第529章 夺主考位朝野震惊,天下第一帝王保
反手一捏,嘿嘿笑着踹入怀里,倒退着快步溜出了暖阁。
阁门「眶当」一声关上,隔绝了那混帐的身影。
暖阁内,蔡京胸膛剧烈起伏,暴怒的老脸,竟慢慢平复下来。
眼底深处,反而浮起一丝难以言喻的……复杂情绪。
他靠在椅背上,闭上眼,仿佛在回味方才情景。
一丝极淡的笑意,爬上了他那布满皱纹的嘴角。
他低声喃喃自语:
「「不管白猫黑猫,逮住耗子就是好猫』……嗬嗬……嗬嗬可……」
「你这只胆大包天、六亲不认、心黑手狠的赖皮猫…」
「老夫,倒真没看走眼……」
「好……好一个胆大包天!好……好得很呐!!」
而大官人出了蔡府,径直往开封府衙门赶去。
刚进得府衙仪门,一股不同寻常的凝重气息便扑面而来。
往日里喧嚣忙碌的胥吏衙役,此刻都噤若寒蝉,垂手侍立两旁,大气不敢出。
大堂之上,赵鼎正陪着一位面白无须、身着紫袍的内侍监太监说话,两人皆是面色凝重。
赵鼎一眼瞥见大官人进来,他抢上几步行礼:
「大人!您……您可算回来了!」
他身旁那位紫袍太监,正是官家身边颇得信任的梁师成。
梁师成缓缓转过身来,一双细长眼似笑非笑地上下打量着大官人,只微颔首:
「西门天章西门大人,真是大忙人啊,这开封府府衙都找不到你,咱家在此恭候多时了。」他顿了顿,慢悠悠地拖长了调子:
「官家一一有口谕!宣你,即刻入宫,紫宸殿一一见驾!」
这边大官人痛揍王葫进宫。
那头大辽国内。
段景住使些手段,带着一夥绿林兄弟乔装改扮的,竟真个哄过了西夏国母耶律南仙的眼目,充作大辽使臣,堂而皇之入了兴庆府内城。
次日,便去拜谒那西夏太子,耶律南仙的儿子李仁爱。
这太子李仁爱也不过堪堪少年。
闻得是故国大辽来的使团,心下已是十分欢喜,又听说是专为那匹绝世名驹帝王保「万岁啼」寻配种良方来的,登时喜得抓耳挠腮,叫道:
「妙极!妙极!你们来得正好,这几日那宝贝不知怎地,恹恹地瘦将下来,正愁没个手段!」段景住觑着太子李仁爱脸上颜色,忙凑近一步,涎着脸道:「殿下洪福!我们随行马医,手段极是高明,专会调理这等龙驹。」
太子李仁爱听了,如同得了活宝,一叠声便要引他们去御马苑。
旁边侍立的一个老成侍卫,觑着段景住几个眼生,斗胆上前,低声道:「殿下,此乃外邦之人,御马苑重…」
话未说完,太子李仁爱早变了脸色,劈面啐道:「放肆!这是母後故国,我西夏盟友,大辽上邦来的贵客!什麽外邦不外邦!再敢罗隍,还不给本宫退下!」那侍卫唬得诺诺而退。
一行人簇拥着太子,兴冲冲便往马苑去。
行至半路,却撞见一队仪仗,正是那曹贵妃乘着步辇,曹贵妃在车中不出。
旁边跟着她的祖父、当朝国丈曹勉。
曹勉一眼觑见太子又往马苑跑,登时沉下脸来,咳嗽一声,拦住去路。
「太子殿下,」曹勉双手背後教训道,「圣上寄望殷殷,殿下当以圣贤书为重。
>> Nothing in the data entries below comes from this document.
(* Fix $0<p<1$, $q=1-p$, and integers $L<U$ with $U-L\ge 4$. With the notation of the context, for every integer $k\ge 2$ the functions $m_k(x)=\mathbb{E}\tau^x_k$ ($x$ an integer in $[L,U]$) satisfy $$m_k(x)=\begin{cases}0,&x=U,\\ 1+q\,m_{k-1}(x-1),&x=U-1,\\ 1+p+pq\,m_{k-2}(x)+q\,m_{k-1}(x-1),&x=U-2,\\ 1+pq\,m_{k-2}(x)+p\,m_{k-1}(x+2)-pq\,m_{k-2}(x+1)+q\,m_{k-1}(x-1),&L+1\le x\le U-3,\\ 0,&x=L,\end{cases}$$ and the family $(m_k)$ is the unique solution of this system of linear difference equations.
   Context: Let $\xi_1,\xi_2,\dots$ be i.i.d. random variables with values in $\{1,-1\}$, $\mathbb{P}(\xi_i=1)=p$, $\mathbb{P}(\xi_i=-1)=q:=1-p$. Define $X_k=-1$ if $\xi_k=-1$; $X_k=2$ if $\xi_k=\xi_{k-1}=1$ (for $k\ge 2$); and $X_k=1$ otherwise (in particular $X_1=1$ when $\xi_1=1$). Let $S_0=0$, $S_k=X_1+\dots+X_k$, and $S^x_k=x+S_k$. For $k\ge 0$ let $\tau^x_k=\min\{l\in\{0,\dots,k\}: S^x_l\le L \text{ or } S^x_l\ge U\}$ if this set is nonempty, and $\tau^x_k=k$ otherwise. *)

theory Defs
  imports "HOL-Probability.Probability"
begin

definition walk_X :: "(nat \<Rightarrow> 'a \<Rightarrow> int) \<Rightarrow> nat \<Rightarrow> 'a \<Rightarrow> int" where
  "walk_X xi k \<omega> =
     (if xi k \<omega> = -1 then -1
      else if k \<ge> 2 \<and> xi k \<omega> = 1 \<and> xi (k - 1) \<omega> = 1 then 2
      else 1)"

definition walk_S :: "(nat \<Rightarrow> 'a \<Rightarrow> int) \<Rightarrow> nat \<Rightarrow> 'a \<Rightarrow> int" where
  "walk_S xi k \<omega> = (\<Sum>i\<in>{1..k}. walk_X xi i \<omega>)"

definition walk_tau :: "int \<Rightarrow> int \<Rightarrow> (nat \<Rightarrow> 'a \<Rightarrow> int) \<Rightarrow> int \<Rightarrow> nat \<Rightarrow> 'a \<Rightarrow> nat" where
  "walk_tau L U xi x k \<omega> =
     (if \<exists>l\<le>k. x + walk_S xi l \<omega> \<le> L \<or> x + walk_S xi l \<omega> \<ge> U
      then (LEAST l. l \<le> k \<and> (x + walk_S xi l \<omega> \<le> L \<or> x + walk_S xi l \<omega> \<ge> U))
      else k)"

definition solves_system :: "real \<Rightarrow> real \<Rightarrow> int \<Rightarrow> int \<Rightarrow> (nat \<Rightarrow> int \<Rightarrow> real) \<Rightarrow> bool" where
  "solves_system p q L U f \<longleftrightarrow>
     (\<forall>k\<ge>2. \<forall>x\<in>{L..U}. f k x =
        (if x = U then 0
         else if x = U - 1 then 1 + q * f (k - 1) (x - 1)
         else if x = U - 2 then 1 + p + p * q * f (k - 2) x + q * f (k - 1) (x - 1)
         else if x = L then 0
         else 1 + p * q * f (k - 2) x + p * f (k - 1) (x + 2)
                - p * q * f (k - 2) (x + 1) + q * f (k - 1) (x - 1)))"

end

theory Submission
  imports Defs
begin

(*
  Only the first k signs matter for tau_k, so E tau_k is a finite sum over sign patterns, each
  weighted by a product of p's and q's.  Since X_k depends on xi_{k-1}, this sum is the expected
  exit time of a Markov chain on pairs (previous sign, position), started with previous sign -1;
  conditioning on the first step gives a recursion in k for both kinds of state.  The auxiliary
  state (+, y) is eliminated by comparing it with the fresh state (-, y + 1): both move to
  (+, y + 2) on a + sign and differ only after a - sign, which yields the second-order system.
  Uniqueness follows by induction on k, since the right-hand sides only involve levels k - 1
  and k - 2 at points of [L, U].
*)

definition walk_step :: "bool \<Rightarrow> bool \<Rightarrow> int" where
  "walk_step prev b = (if b then (if prev then 2 else 1) else -1)"

lemma walk_step_simps [simp]:
  "walk_step True True = 2" "walk_step False True = 1" "walk_step prev False = -1"
  by (simp_all add: walk_step_def)

fun exit_time :: "int \<Rightarrow> int \<Rightarrow> bool \<Rightarrow> int \<Rightarrow> bool list \<Rightarrow> nat" where
  "exit_time L U prev x [] = 0"
| "exit_time L U prev x (b # bs) =
     (if x \<le> L \<or> x \<ge> U then 0 else Suc (exit_time L U b (x + walk_step prev b) bs))"

definition first_exit :: "int \<Rightarrow> int \<Rightarrow> (nat \<Rightarrow> int) \<Rightarrow> int \<Rightarrow> nat \<Rightarrow> nat" where
  "first_exit L U d x k =
     (if \<exists>l\<le>k. x + (\<Sum>j<l. d j) \<le> L \<or> x + (\<Sum>j<l. d j) \<ge> U
      then (LEAST l. l \<le> k \<and> (x + (\<Sum>j<l. d j) \<le> L \<or> x + (\<Sum>j<l. d j) \<ge> U))
      else k)"

lemma first_exit_Suc:
  "first_exit L U d x (Suc k) =
     (if x \<le> L \<or> x \<ge> U then 0 else Suc (first_exit L U (\<lambda>j. d (Suc j)) (x + d 0) k))"
proof (cases "x \<le> L \<or> x \<ge> U")
  case True
  then show ?thesis
    unfolding first_exit_def by (auto intro!: Least_equality)
next
  case inside: False
  define P where "P l \<longleftrightarrow> l \<le> Suc k \<and> (x + (\<Sum>j<l. d j) \<le> L \<or> x + (\<Sum>j<l. d j) \<ge> U)" for l
  have not_P0: "\<not> P 0"
    using inside by (simp add: P_def)
  have P_Suc: "P (Suc l) \<longleftrightarrow> l \<le> k \<and>
      (x + d 0 + (\<Sum>j<l. d (Suc j)) \<le> L \<or> x + d 0 + (\<Sum>j<l. d (Suc j)) \<ge> U)" for l
    unfolding P_def sum.lessThan_Suc_shift by (simp add: add.assoc)
  have ex_P: "(\<exists>l. P l) \<longleftrightarrow> (\<exists>l. P (Suc l))"
    using not_P0 by (metis not0_implies_Suc)
  show ?thesis
  proof (cases "\<exists>l. P l")
    case True
    then have "Least P = Suc (LEAST l. P (Suc l))"
      using not_P0 by (blast intro: Least_Suc)
    then show ?thesis
      using inside True ex_P unfolding first_exit_def P_Suc[symmetric]
      by (simp add: P_def[symmetric] del: P_Suc)
  next
    case False
    then show ?thesis
      using inside ex_P unfolding first_exit_def P_Suc[symmetric]
      by (simp add: P_def[symmetric] del: P_Suc)
  qed
qed

lemma first_exit_eq_exit_time:
  assumes "length bs = k"
    and "\<And>j. j < k \<Longrightarrow> d j = walk_step (if j = 0 then prev else bs ! (j - 1)) (bs ! j)"
  shows "first_exit L U d x k = exit_time L U prev x bs"
  using assms
proof (induction bs arbitrary: prev x d k)
  case Nil
  then show ?case by (simp add: first_exit_def)
next
  case (Cons b bs)
  then obtain n where k: "k = Suc n" and n: "length bs = n" by auto
  have "d 0 = walk_step prev b"
    using Cons.prems(2)[of 0] k by simp
  moreover have "first_exit L U (\<lambda>j. d (Suc j)) y n = exit_time L U b y bs" for y
    using Cons.prems(2) by (intro Cons.IH[OF n]) (auto simp: k)
  ultimately show ?case
    by (simp add: k first_exit_Suc)
qed

definition sign_pattern :: "(nat \<Rightarrow> 'a \<Rightarrow> int) \<Rightarrow> nat \<Rightarrow> 'a \<Rightarrow> bool list" where
  "sign_pattern xi k \<omega> = map (\<lambda>j. xi (Suc j) \<omega> = 1) [0..<k]"

lemma length_sign_pattern [simp]: "length (sign_pattern xi k \<omega>) = k"
  by (simp add: sign_pattern_def)

lemma walk_tau_eq_exit_time:
  assumes "\<And>i. i \<in> {1..k} \<Longrightarrow> xi i \<omega> = 1 \<or> xi i \<omega> = -1"
  shows "walk_tau L U xi x k \<omega> = exit_time L U False x (sign_pattern xi k \<omega>)"
proof -
  have "walk_S xi l \<omega> = (\<Sum>j<l. walk_X xi (Suc j) \<omega>)" for l
    unfolding walk_S_def by (simp add: sum.atLeast1_atMost_eq)
  then have "walk_tau L U xi x k \<omega> = first_exit L U (\<lambda>j. walk_X xi (Suc j) \<omega>) x k"
    unfolding walk_tau_def first_exit_def by presburger
  also have "\<dots> = exit_time L U False x (sign_pattern xi k \<omega>)"
  proof (rule first_exit_eq_exit_time)
    fix j assume "j < k"
    then have "xi (Suc j) \<omega> = 1 \<or> xi (Suc j) \<omega> = -1" "0 < j \<Longrightarrow> xi j \<omega> = 1 \<or> xi j \<omega> = -1"
      using assms by auto
    with \<open>j < k\<close> show "walk_X xi (Suc j) \<omega> =
        walk_step (if j = 0 then False else sign_pattern xi k \<omega> ! (j - 1)) (sign_pattern xi k \<omega> ! j)"
      by (cases j) (auto simp: walk_X_def walk_step_def sign_pattern_def)
  qed simp
  finally show ?thesis .
qed

definition path_weight :: "real \<Rightarrow> real \<Rightarrow> bool list \<Rightarrow> real" where
  "path_weight p q bs = (\<Prod>b\<leftarrow>bs. if b then p else q)"

lemma path_weight_simps [simp]:
  "path_weight p q [] = 1"
  "path_weight p q (b # bs) = (if b then p else q) * path_weight p q bs"
  by (simp_all add: path_weight_def)

lemma finite_lists_of_length: "finite {bs :: bool list. length bs = n}"
  using finite_lists_length_eq[of "UNIV :: bool set" n] by simp

lemma sum_lists_of_length_Suc:
  "(\<Sum>bs | length bs = Suc n. f bs) =
     (\<Sum>bs | length bs = n. f (True # bs)) + (\<Sum>bs | length bs = n. f (False # bs))"
proof -
  have "{bs :: bool list. length bs = Suc n} =
      Cons True ` {bs. length bs = n} \<union> Cons False ` {bs. length bs = n}"
    by (auto simp: length_Suc_conv image_iff)
  then show ?thesis
    by (simp, subst sum.union_disjoint) (auto simp: finite_lists_of_length sum.reindex)
qed

lemma sum_path_weight:
  assumes "p + q = 1"
  shows "(\<Sum>bs | length bs = n. path_weight p q bs) = 1"
  by (induction n) (simp_all add: assms sum_lists_of_length_Suc flip: sum_distrib_left distrib_right)

fun expected_exit :: "real \<Rightarrow> real \<Rightarrow> int \<Rightarrow> int \<Rightarrow> bool \<Rightarrow> int \<Rightarrow> nat \<Rightarrow> real" where
  "expected_exit p q L U prev x 0 = 0"
| "expected_exit p q L U prev x (Suc n) =
     (if x \<le> L \<or> x \<ge> U then 0
      else 1 + p * expected_exit p q L U True (x + walk_step prev True) n
             + q * expected_exit p q L U False (x - 1) n)"

lemma sum_exit_time_path_weight:
  assumes "p + q = 1"
  shows "(\<Sum>bs | length bs = n. real (exit_time L U prev x bs) * path_weight p q bs) =
    expected_exit p q L U prev x n"
proof (induction n arbitrary: prev x)
  case (Suc n)
  show ?case
  proof (cases "x \<le> L \<or> x \<ge> U")
    case False
    then have "(\<Sum>bs | length bs = Suc n. real (exit_time L U prev x bs) * path_weight p q bs) =
        (p + q) * (\<Sum>bs | length bs = n. path_weight p q bs)
        + p * (\<Sum>bs | length bs = n.
                 real (exit_time L U True (x + walk_step prev True) bs) * path_weight p q bs)
        + q * (\<Sum>bs | length bs = n. real (exit_time L U False (x - 1) bs) * path_weight p q bs)"
      by (simp add: sum_lists_of_length_Suc sum_distrib_left sum.distrib algebra_simps)
    then show ?thesis
      using False by (simp add: Suc.IH sum_path_weight assms)
  qed (simp add: sum_lists_of_length_Suc)
qed simp

lemma (in prob_space) expectation_finite_values:
  fixes g :: "'b \<Rightarrow> real"
  assumes "finite B" and V: "\<And>\<omega>. \<omega> \<in> space M \<Longrightarrow> V \<omega> \<in> B"
    and events: "\<And>b. b \<in> B \<Longrightarrow> {\<omega>\<in>space M. V \<omega> = b} \<in> events"
  shows "expectation (\<lambda>\<omega>. g (V \<omega>)) = (\<Sum>b\<in>B. g b * prob {\<omega>\<in>space M. V \<omega> = b})"
proof -
  have "expectation (\<lambda>\<omega>. g (V \<omega>)) =
      expectation (\<lambda>\<omega>. \<Sum>b\<in>B. g b * indicator {\<omega>\<in>space M. V \<omega> = b} \<omega>)"
    using \<open>finite B\<close> V
    by (intro Bochner_Integration.integral_cong) (auto simp: indicator_def if_distrib sum.delta)
  also have "\<dots> = (\<Sum>b\<in>B. g b * prob {\<omega>\<in>space M. V \<omega> = b})"
    using events by (simp add: integrable_real_indicator emeasure_eq_measure)
  finally show ?thesis .
qed

context prob_space
begin

lemma
  assumes indep: "indep_vars (\<lambda>_. count_space UNIV) xi {1..}"
    and prob_plus: "\<forall>i\<ge>1. prob {\<omega>\<in>space M. xi i \<omega> = 1} = p"
    and "length bs = k"
  shows sign_pattern_event: "{\<omega>\<in>space M. sign_pattern xi k \<omega> = bs} \<in> events"
    and prob_sign_pattern: "prob {\<omega>\<in>space M. sign_pattern xi k \<omega> = bs} = path_weight p (1 - p) bs"
proof -
  define A where "A i = {\<omega>\<in>space M. (xi i \<omega> = 1) = bs ! (i - 1)}" for i
  have indep_A: "indep_events A {1..}"
    unfolding A_def by (rule indep_eventsI_indep_vars[OF indep]) auto
  have A_events: "A i \<in> events" if "i \<ge> 1" for i
    using indep_A that unfolding indep_events_def by auto
  have prob_A: "prob (A (Suc j)) = (if bs ! j then p else 1 - p)" for j
  proof (cases "bs ! j")
    case False
    then have "space M - A (Suc j) = {\<omega>\<in>space M. xi (Suc j) \<omega> = 1}"
      by (auto simp: A_def)
    then show ?thesis
      using False prob_plus prob_compl[OF A_events, of "Suc j"] by simp
  qed (use prob_plus in \<open>simp add: A_def\<close>)
  have event_eq: "{\<omega>\<in>space M. sign_pattern xi k \<omega> = bs} =
      (if k = 0 then space M else (\<Inter>i\<in>Suc ` {..<k}. A i))"
    using \<open>length bs = k\<close> by (auto simp: A_def sign_pattern_def list_eq_iff_nth_eq)
  show "{\<omega>\<in>space M. sign_pattern xi k \<omega> = bs} \<in> events"
    unfolding event_eq using A_events by auto
  show "prob {\<omega>\<in>space M. sign_pattern xi k \<omega> = bs} = path_weight p (1 - p) bs"
  proof (cases "k = 0")
    case False
    have "Suc ` {..<k} \<subseteq> {1..}" "Suc ` {..<k} \<noteq> {}" "finite (Suc ` {..<k})"
      using False by auto
    then have "prob (\<Inter>i\<in>Suc ` {..<k}. A i) = (\<Prod>i\<in>Suc ` {..<k}. prob (A i))"
      using indep_A unfolding indep_events_def by blast
    also have "\<dots> = (\<Prod>j<k. if bs ! j then p else 1 - p)"
      by (simp add: prod.reindex prob_A)
    also have "\<dots> = path_weight p (1 - p) bs"
      using \<open>length bs = k\<close> by (simp add: path_weight_def prod.list_conv_set_nth atLeast0LessThan)
    finally show ?thesis
      using False by (simp add: event_eq)
  qed (use \<open>length bs = k\<close> in \<open>simp add: sign_pattern_def prob_space\<close>)
qed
这又是要往何处消遣?一国储君,不思社稷,终日与畜生为伍,成何体统!」
他目光如刀子般刮过段景住等人,满是厌恶。
太子李仁爱在这老国丈面前,气焰登时矮了半截,被训得面皮紫胀,只得连连躬身应「是」,口称「国丈教训得是」。
这曹勉教训了好一阵,才和那曹贵妃一行人迤逦远去,太子李仁爱才直起腰,恨恨地哼了一声。「萧大使!你当我这太子做得风光?呸!窝囊透顶!」
段景住忙躬下身子,做出洗耳恭听状:「殿下何出此言?您乃一国储君,尊贵无匹……」
「尊贵个什麽?」太子李仁爱冷哼一声:「自打父王……哼!不知被哪个宋人腐儒灌了迷魂汤!一门心思要学那南朝的「礼乐教化』!如今这朝堂之上,尽是些大宋来的酸丁!一个个顶着乌纱帽,满口之乎者也,仁义道德!看本宫的眼神,活脱脱像看一堆烂泥!」
他越说越气,额角青筋暴跳:「本宫练祖宗传下的骑射功夫,耍弄弯弓长槊,他们说鄙野,不成体统!我去御马苑亲近宝马,他们又骂我玩物丧志,荒废学业!整日里像训孙子一般指摘我!动辄搬出圣人之言,压得我喘不过气!」
李仁爱挥舞着手臂气道,「我西夏!还有大辽!哪家天下不是祖宗马上打下来的?凭的是弯刀快马!不是那些酸掉牙的破书!如今倒好,连祖宗吃饭的本事都要丢开,学那宋人扭捏作态,岂不是自废武功,等着被人当猪羊宰割吗?!」
段景住觑着太子如同困兽般咆哮,心中暗喜,这正是获得信任的好机会!
他脸上堆出十二分的激愤与赞同:
「殿下!这话真真说到臣心坎里去了!可不是这个理儿吗?!」
他用力一拍大腿,仿佛痛心疾首,「您瞧瞧!若非视马匹如性命,视骑射为根本,我们大辽皇帝陛下,岂能巴巴地派我们这干得力人手,不远万里,专程来为「万岁啼』寻觅良种,助它龙精虎猛,繁衍神驹?!这不就是明证吗?祖宗的根本,丢不得!丢不得啊殿下!」
太子只觉今日方找到知己,这些年那股滔天的怨气,也没个人宣泄,跟母亲说两句也被他一阵训斥,让自己要听大臣的话。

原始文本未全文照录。